Task inputs START
(* Let $d\ge 2$, $n\ge 2$, $M=(d-1)(n-1)$, and orient the $M$-cells and $(M-1)$-cells of $X(d,n)$ so that the $\mathfrak S_n$-action changes orientations according to $\operatorname{sgn}^{d-1}$ and the cellular boundary of each $M$-cell is the sum of the $(M-1)$-cells in its boundary with coefficients $+1$. Let $b$ be any $\mathfrak S_n$-equivariant integral cellular $(M-1)$-cochain on $X(d,n)$ with values in $\mathcal Z$. Then there are integers $x_1,\dots,x_{n-1}$ (namely $x_j$ is the value of $b$ on the oriented $(M-1)$-cells $\check c(\sigma_1\prec_d\cdots\sigma_j\prec_{d-1}\sigma_{j+1}\cdots\prec_d\sigma_n)$, which is independent of $\sigma$) such that the coboundary $\delta b$ takes the value \[ x_1\binom n1+x_2\binom n2+\dots+x_{n-1}\binom n{n-1} \] on every oriented $M$-cell of $X(d,n)$.
   Context: $X(d,n)$ is the regular CW complex with cells $\check c(\sigma,\mathbf i)$ indexed by strings $(\sigma_1\prec_{i_1}\cdots\prec_{i_{n-1}}\sigma_n)$, $\sigma\in\mathfrak S_n$, $\mathbf i\in\{1,\dots,d\}^{n-1}$, of dimension $\sum_j i_j-(n-1)$; $\mathfrak S_n$ acts freely by $\pi\cdot(\sigma,\mathbf i)=(\pi\sigma,\mathbf i)$. Face relation: $(\sigma,\mathbf i)\preceq(\sigma',\mathbf i')$ iff for all letters $a$ before $b$ in $\sigma'$: either $a$ before $b$ in $\sigma$ with $m_{\sigma,\mathbf i}(a,b)\le m_{\sigma',\mathbf i'}(a,b)$, or $b$ before $a$ in $\sigma$ with $m_{\sigma,\mathbf i}(a,b)<m_{\sigma',\mathbf i'}(a,b)$, where for letters at positions $p<q$ of $\sigma$, $m_{\sigma,\mathbf i}=\min\{i_p,\dots,i_{q-1}\}$. In particular the $M$-cells are $\check c(\sigma_1\prec_d\cdots\prec_d\sigma_n)$, the $(M-1)$-cells are $\check c(\sigma_1\prec_d\cdots\sigma_j\prec_{d-1}\sigma_{j+1}\cdots\prec_d\sigma_n)$, $1\le j<n$. $\mathcal Z\cong\mathbb Z$ is the $\mathfrak S_n$-module $H_{M-1}(S(W_n^{\oplus(d-1)});\mathbb Z)$, on which $\pi$ acts by multiplication by $(\operatorname{sgn}\pi)^{d-1}$; an equivariant cochain $b$ satisfies $b(\pi\cdot c)=\pi\cdot b(c)$ for oriented cells $c$. *)

theory Defs
  imports "HOL-Combinatorics.Permutations"
begin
Task inputs END
Exercise requirements:
Transcribe all the data word for word, as it appears above.

Answer to the problem:
(* Let $d\ge 2$, $n\ge 2$, $M=(d-1)(n-1)$, and orient the $M$-cells and $(M-1)$-cells of $X(d,n)$ so that the $\mathfrak S_n$-action changes orientations according to $\operatorname{sgn}^{d-1}$ and the cellular boundary of each $M$-cell is the sum of the $(M-1)$-cells in its boundary with coefficients $+1$. Let $b$ be any $\mathfrak S_n$-equivariant integral cellular $(M-1)$-cochain on $X(d,n)$ with values in $\mathcal Z$. Then there are integers $x_1,\dots,x_{n-1}$ (namely $x_j$ is the value of $b$ on the oriented $(M-1)$-cells $\check c(\sigma_1\prec_d\cdots\sigma_j\prec_{d-1}\sigma_{j+1}\cdots\prec_d\sigma_n)$, which is independent of $\sigma$) such that the coboundary $\delta b$ takes the value \[ x_1\binom n1+x_2\binom n2+\dots+x_{n-1}\binom n{n-1} \] on every oriented $M$-cell of $X(d,n)$.
   Context: $X(d,n)$ is the regular CW complex with cells $\check c(\sigma,\mathbf i)$ indexed by strings $(\sigma_1\prec_{i_1}\cdots\prec_{i_{n-1}}\sigma_n)$, $\sigma\in\mathfrak S_n$, $\mathbf i\in\{1,\dots,d\}^{n-1}$, of dimension $\sum_j i_j-(n-1)$; $\mathfrak S_n$ acts freely by $\pi\cdot(\sigma,\mathbf i)=(\pi\sigma,\mathbf i)$. Face relation: $(\sigma,\mathbf i)\preceq(\sigma',\mathbf i')$ iff for all letters $a$ before $b$ in $\sigma'$: either $a$ before $b$ in $\sigma$ with $m_{\sigma,\mathbf i}(a,b)\le m_{\sigma',\mathbf i'}(a,b)$, or $b$ before $a$ in $\sigma$ with $m_{\sigma,\mathbf i}(a,b)<m_{\sigma',\mathbf i'}(a,b)$, where for letters at positions $p<q$ of $\sigma$, $m_{\sigma,\mathbf i}=\min\{i_p,\dots,i_{q-1}\}$. In particular the $M$-cells are $\check c(\sigma_1\prec_d\cdots\prec_d\sigma_n)$, the $(M-1)$-cells are $\check c(\sigma_1\prec_d\cdots\sigma_j\prec_{d-1}\sigma_{j+1}\cdots\prec_d\sigma_n)$, $1\le j<n$. $\mathcal Z\cong\mathbb Z$ is the $\mathfrak S_n$-module $H_{M-1}(S(W_n^{\oplus(d-1)});\mathbb Z)$, on which $\pi$ acts by multiplication by $(\operatorname{sgn}\pi)^{d-1}$; an equivariant cochain $b$ satisfies $b(\pi\cdot c)=\pi\cdot b(c)$ for oriented cells $c$. *)

theory Defs
  imports "HOL-Combinatorics.Permutations"
begin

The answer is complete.